Data items:
________________________________________
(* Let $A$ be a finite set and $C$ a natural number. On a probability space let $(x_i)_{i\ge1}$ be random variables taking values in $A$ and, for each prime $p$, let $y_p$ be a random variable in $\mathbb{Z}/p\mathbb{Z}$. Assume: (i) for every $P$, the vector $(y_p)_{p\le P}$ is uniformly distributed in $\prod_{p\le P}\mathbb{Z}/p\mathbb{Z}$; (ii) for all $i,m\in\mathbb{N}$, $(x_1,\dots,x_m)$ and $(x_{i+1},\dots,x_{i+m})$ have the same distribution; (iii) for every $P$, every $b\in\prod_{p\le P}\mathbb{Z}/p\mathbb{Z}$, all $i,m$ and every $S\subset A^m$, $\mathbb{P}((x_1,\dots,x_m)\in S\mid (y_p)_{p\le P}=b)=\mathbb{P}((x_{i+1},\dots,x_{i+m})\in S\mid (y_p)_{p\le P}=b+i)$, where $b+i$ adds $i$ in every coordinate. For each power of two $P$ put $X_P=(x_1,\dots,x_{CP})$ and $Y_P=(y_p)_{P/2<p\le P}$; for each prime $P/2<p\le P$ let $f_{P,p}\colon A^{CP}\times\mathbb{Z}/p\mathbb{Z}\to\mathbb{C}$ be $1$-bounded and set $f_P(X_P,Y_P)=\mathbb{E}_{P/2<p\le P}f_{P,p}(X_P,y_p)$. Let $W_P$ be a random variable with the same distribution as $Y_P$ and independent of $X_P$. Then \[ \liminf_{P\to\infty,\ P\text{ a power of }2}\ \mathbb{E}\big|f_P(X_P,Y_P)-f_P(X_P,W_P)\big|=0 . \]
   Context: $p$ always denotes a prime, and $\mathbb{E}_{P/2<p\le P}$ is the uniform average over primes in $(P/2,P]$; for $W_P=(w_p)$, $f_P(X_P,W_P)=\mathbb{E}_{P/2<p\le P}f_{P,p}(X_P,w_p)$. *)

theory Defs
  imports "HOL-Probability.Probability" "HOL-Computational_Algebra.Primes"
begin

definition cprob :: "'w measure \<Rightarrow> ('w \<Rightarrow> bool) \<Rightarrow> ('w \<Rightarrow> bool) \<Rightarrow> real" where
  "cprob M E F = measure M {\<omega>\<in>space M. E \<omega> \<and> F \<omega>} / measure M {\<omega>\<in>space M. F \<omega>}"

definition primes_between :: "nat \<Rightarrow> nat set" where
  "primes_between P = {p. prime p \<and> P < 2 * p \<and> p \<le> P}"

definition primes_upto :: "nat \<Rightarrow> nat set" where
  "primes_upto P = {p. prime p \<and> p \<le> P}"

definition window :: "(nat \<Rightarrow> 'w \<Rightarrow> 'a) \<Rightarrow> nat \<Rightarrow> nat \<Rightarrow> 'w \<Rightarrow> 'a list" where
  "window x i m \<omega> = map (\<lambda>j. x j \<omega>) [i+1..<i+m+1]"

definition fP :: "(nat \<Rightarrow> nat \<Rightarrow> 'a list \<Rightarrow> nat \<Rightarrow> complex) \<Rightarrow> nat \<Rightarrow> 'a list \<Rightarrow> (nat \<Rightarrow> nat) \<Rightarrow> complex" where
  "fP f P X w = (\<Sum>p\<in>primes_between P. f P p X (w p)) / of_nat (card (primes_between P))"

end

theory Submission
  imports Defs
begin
________________________________________
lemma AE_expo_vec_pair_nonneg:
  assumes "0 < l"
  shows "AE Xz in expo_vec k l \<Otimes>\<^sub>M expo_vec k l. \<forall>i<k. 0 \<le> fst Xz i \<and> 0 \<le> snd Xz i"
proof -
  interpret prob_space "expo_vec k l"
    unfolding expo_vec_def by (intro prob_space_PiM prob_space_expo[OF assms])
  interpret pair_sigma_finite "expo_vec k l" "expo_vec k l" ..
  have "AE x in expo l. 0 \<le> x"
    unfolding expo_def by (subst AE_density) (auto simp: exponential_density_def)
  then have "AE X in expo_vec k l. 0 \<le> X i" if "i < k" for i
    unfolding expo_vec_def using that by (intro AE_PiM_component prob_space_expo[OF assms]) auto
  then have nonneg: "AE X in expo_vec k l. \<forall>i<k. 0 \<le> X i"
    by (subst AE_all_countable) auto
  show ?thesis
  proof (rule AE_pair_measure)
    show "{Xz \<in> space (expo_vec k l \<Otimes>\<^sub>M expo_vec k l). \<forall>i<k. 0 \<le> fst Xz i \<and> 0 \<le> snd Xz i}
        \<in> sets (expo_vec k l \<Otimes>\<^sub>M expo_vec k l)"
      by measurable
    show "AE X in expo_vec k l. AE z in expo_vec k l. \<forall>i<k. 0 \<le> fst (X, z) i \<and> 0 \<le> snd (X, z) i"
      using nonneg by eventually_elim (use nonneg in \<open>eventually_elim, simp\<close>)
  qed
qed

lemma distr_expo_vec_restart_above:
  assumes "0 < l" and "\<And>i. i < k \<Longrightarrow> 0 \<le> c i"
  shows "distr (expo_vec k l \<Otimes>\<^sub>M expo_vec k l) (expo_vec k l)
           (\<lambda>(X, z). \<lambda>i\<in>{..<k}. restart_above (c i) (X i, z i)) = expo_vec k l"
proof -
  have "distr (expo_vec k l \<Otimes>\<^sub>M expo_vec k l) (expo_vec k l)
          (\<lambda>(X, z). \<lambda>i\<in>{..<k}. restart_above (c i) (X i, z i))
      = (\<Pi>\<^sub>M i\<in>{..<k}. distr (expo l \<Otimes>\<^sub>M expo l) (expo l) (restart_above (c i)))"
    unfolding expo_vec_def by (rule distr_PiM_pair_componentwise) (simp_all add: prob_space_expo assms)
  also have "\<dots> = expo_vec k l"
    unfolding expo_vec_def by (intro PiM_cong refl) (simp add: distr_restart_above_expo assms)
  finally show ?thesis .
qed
________________________________________
Each line of the data in which the string "have" appears needs to be copied.

#### Task result
(* Let $A$ be a finite set and $C$ a natural number. On a probability space let $(x_i)_{i\ge1}$ be random variables taking values in $A$ and, for each prime $p$, let $y_p$ be a random variable in $\mathbb{Z}/p\mathbb{Z}$. Assume: (i) for every $P$, the vector $(y_p)_{p\le P}$ is uniformly distributed in $\prod_{p\le P}\mathbb{Z}/p\mathbb{Z}$; (ii) for all $i,m\in\mathbb{N}$, $(x_1,\dots,x_m)$ and $(x_{i+1},\dots,x_{i+m})$ have the same distribution; (iii) for every $P$, every $b\in\prod_{p\le P}\mathbb{Z}/p\mathbb{Z}$, all $i,m$ and every $S\subset A^m$, $\mathbb{P}((x_1,\dots,x_m)\in S\mid (y_p)_{p\le P}=b)=\mathbb{P}((x_{i+1},\dots,x_{i+m})\in S\mid (y_p)_{p\le P}=b+i)$, where $b+i$ adds $i$ in every coordinate. For each power of two $P$ put $X_P=(x_1,\dots,x_{CP})$ and $Y_P=(y_p)_{P/2<p\le P}$; for each prime $P/2<p\le P$ let $f_{P,p}\colon A^{CP}\times\mathbb{Z}/p\mathbb{Z}\to\mathbb{C}$ be $1$-bounded and set $f_P(X_P,Y_P)=\mathbb{E}_{P/2<p\le P}f_{P,p}(X_P,y_p)$. Let $W_P$ be a random variable with the same distribution as $Y_P$ and independent of $X_P$. Then \[ \liminf_{P\to\infty,\ P\text{ a power of }2}\ \mathbb{E}\big|f_P(X_P,Y_P)-f_P(X_P,W_P)\big|=0 . \]
  have "AE x in expo l. 0 \<le> x"
  then have "AE X in expo_vec k l. 0 \<le> X i" if "i < k" for i
  then have nonneg: "AE X in expo_vec k l. \<forall>i<k. 0 \<le> X i"
  have "distr (expo_vec k l \<Otimes>\<^sub>M expo_vec k l) (expo_vec k l)
  also have "\<dots> = expo_vec k l"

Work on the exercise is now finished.